Ransomware Insights: What is my ransomware risk profile? This offering provides clients with insights to better understand, measure, and manage ransomware as a business risk. It models potential attack severity, pinpoints potential vulnerabilities, and identifies areas of improvement for insurance underwriting. This includes analysis on both historical and recent ransomware events. Clients can also tap into thought leadership resources, review potential vendors, and browse best practices – all in one central location.

Ransomware Incident Response Planning: Have you created a thorough incident response plan specific to ransomware? It is critical to develop a comprehensive incident response plan that enables organizations to prepare for, detect, respond to, and recover from a ransomware incident. This offering includes the identification of key stakeholders and their roles/responsibilities; development of response guidelines, procedures, and processes; establishment of event tracking; execution of detailed tabletop exercises; analysis of the financial impact of a ransomware incident; and identification and assessment of vulnerabilities in the plan itself. In collaboration with your counsel, we can help develop and implement a sanctions compliance program.
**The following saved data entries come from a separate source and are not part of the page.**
(* Let $f:[0,T]\times\mathbb{R}\times\mathbb{R}\to\mathbb{R}$ be continuous and suppose there is a constant $c$ with $|f(t,x,y)|\le c<\frac{a}{2T}$ for all $(t,x,y)\in[0,T]\times\mathbb{R}\times\mathbb{R}$. Then the problem $$(\varphi(u'))'=f(t,u,u')\ \text{on }[0,T],\qquad u(T)=u(0)=u'(T)$$ has at least one solution.
   Context: $T>0$, $a>0$, and $\varphi:\mathbb{R}\to(-a,a)$ is a homeomorphism with $\varphi(0)=0$. A solution is a function $u\in C^1([0,T],\mathbb{R})$ satisfying the boundary conditions such that $\varphi\circ u'$ is continuously differentiable and the equation holds for all $t\in[0,T]$. *)

theory Defs
  imports "HOL-Analysis.Analysis"
begin

definition is_solution ::
  "(real \<Rightarrow> real) \<Rightarrow> (real \<Rightarrow> real \<Rightarrow> real \<Rightarrow> real) \<Rightarrow> real \<Rightarrow> (real \<Rightarrow> real) \<Rightarrow> bool" where
  "is_solution \<phi> f T u \<longleftrightarrow>
     (\<exists>u' w.
        (\<forall>t\<in>{0..T}. (u has_real_derivative u' t) (at t within {0..T})) \<and>
        continuous_on {0..T} u' \<and>
        (\<forall>t\<in>{0..T}. ((\<lambda>s. \<phi> (u' s)) has_real_derivative w t) (at t within {0..T})) \<and>
        continuous_on {0..T} w \<and>
        (\<forall>t\<in>{0..T}. w t = f t (u t) (u' t)) \<and>
        u T = u 0 \<and> u 0 = u' T)"

end

theory Submission
  imports Defs "HOL-Homology.Homology" "HOL-Complex_Analysis.Great_Picard"
begin

text \<open>
  Write \<open>v = \<phi>(u')\<close> and \<open>\<psi> = \<phi>\<inverse>\<close>. A solution is the same as a pair \<open>(G, x)\<close> with
  \<open>v = x + G\<close>, \<open>G(0) = 0\<close>, \<open>G' = f(t, u, u')\<close>, where \<open>u' = \<psi>(x + G)\<close> and
  \<open>u(t) = u'(T) + \<integral>\<^sub>0\<^sup>t u'\<close>, subject to \<open>\<integral>\<^sub>0\<^sup>T u' = 0\<close> (that is, \<open>u(T) = u(0)\<close>).
  Since \<open>|f| \<le> c\<close>, such a \<open>G\<close> is \<open>c\<close>-Lipschitz, so we look for a fixed point of a map \<open>N\<close>
  on \<open>K = {c-Lipschitz G with G(0) = 0} \<times> [-cT, cT]\<close>, which is compact (Arzela-Ascoli) and
  convex; \<open>c < a/(2T)\<close> keeps \<open>x + G\<close> inside \<open>[-2cT, 2cT] \<subset> (-a, a)\<close>, where \<open>\<psi>\<close> lives.
  The scalar part of \<open>N\<close> is \<open>x \<mapsto> clamp(x - \<sigma> \<integral>\<^sub>0\<^sup>T \<psi>(x + G))\<close> with
  \<open>\<sigma> = sgn \<phi>(1)\<close>: at \<open>x = \<plusminus>cT\<close> the integrand has the sign \<open>\<plusminus>\<sigma>\<close>, so a fixed point
  forces the integral to vanish. The fixed point comes from Schauder's theorem, derived from
  Brouwer's theorem on simplices via \<open>\<epsilon>\<close>-nets; Brouwer's theorem in turn follows from the
  non-contractibility of spheres.
\<close>

section \<open>Brouwer and Schauder fixed point theorems\<close>

definition nball :: "nat \<Rightarrow> (nat \<Rightarrow> real) set" where
  "nball n = {x. (\<Sum>i\<le>n. x i ^ 2) \<le> 1 \<and> (\<forall>i>n. x i = 0)}"

definition sphere_normalize :: "nat \<Rightarrow> (nat \<Rightarrow> real) \<Rightarrow> nat \<Rightarrow> real" where
  "sphere_normalize n z = (\<lambda>i. z i / sqrt (\<Sum>j\<le>n. z j ^ 2))"

lemma topspace_nsphere_eq:
  "topspace (nsphere n) = {x. (\<Sum>i\<le>n. x i ^ 2) = 1 \<and> (\<forall>i>n. x i = 0)}"
  by (simp add: nsphere)

lemma nsphere_eq_top_of_set: "nsphere n = top_of_set (topspace (nsphere n))"
  by (simp add: nsphere euclidean_product_topology)

lemma sphere_normalize_nsphere:
  "x \<in> topspace (nsphere n) \<Longrightarrow> sphere_normalize n x = x"
  by (simp add: topspace_nsphere_eq sphere_normalize_def)

lemma sum_power2_pos:
  fixes z :: "nat \<Rightarrow> real"
  assumes "\<And>i. n < i \<Longrightarrow> z i = 0" and "z \<noteq> (\<lambda>_. 0)"
  shows "(\<Sum>j\<le>n. z j ^ 2) > 0"
proof -
  obtain k where "z k \<noteq> 0"
    using assms(2) by (auto simp: fun_eq_iff)
  with assms(1) have "k \<le> n" "z k ^ 2 > 0"
    by (auto simp: not_less[symmetric])
  then show ?thesis
    by (intro sum_pos2[of _ k]) auto
qed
Cyber Insurance: Have you evaluated your cyber policy? Marsh can help design a cyber insurance program with comprehensive coverage for ransom payments and associated costs. Cyber policies may also include preparation and response support (such as resources for clients on incident response planning, employee training, legal and forensics, and breach notification services), as well as balance-sheet protection for first- and third-party costs and liabilities (lost revenue and extra expenses, regulatory fines and penalties, data and hardware restoration and repair, and reputational harm).

Our cyber risk and insurance specialists are available to help you prepare in advance for a potential ransomware attack by assessing your readiness and building a complete response plan. We can also help you craft a cyber policy designed to provide broad coverage for cyber and technology risks that includes ransomware.

Ransomware can seem overwhelming and how to best respond can be confusing – we get it. We’ve helped clients across industries and around the world prepare for and respond to the unexpected.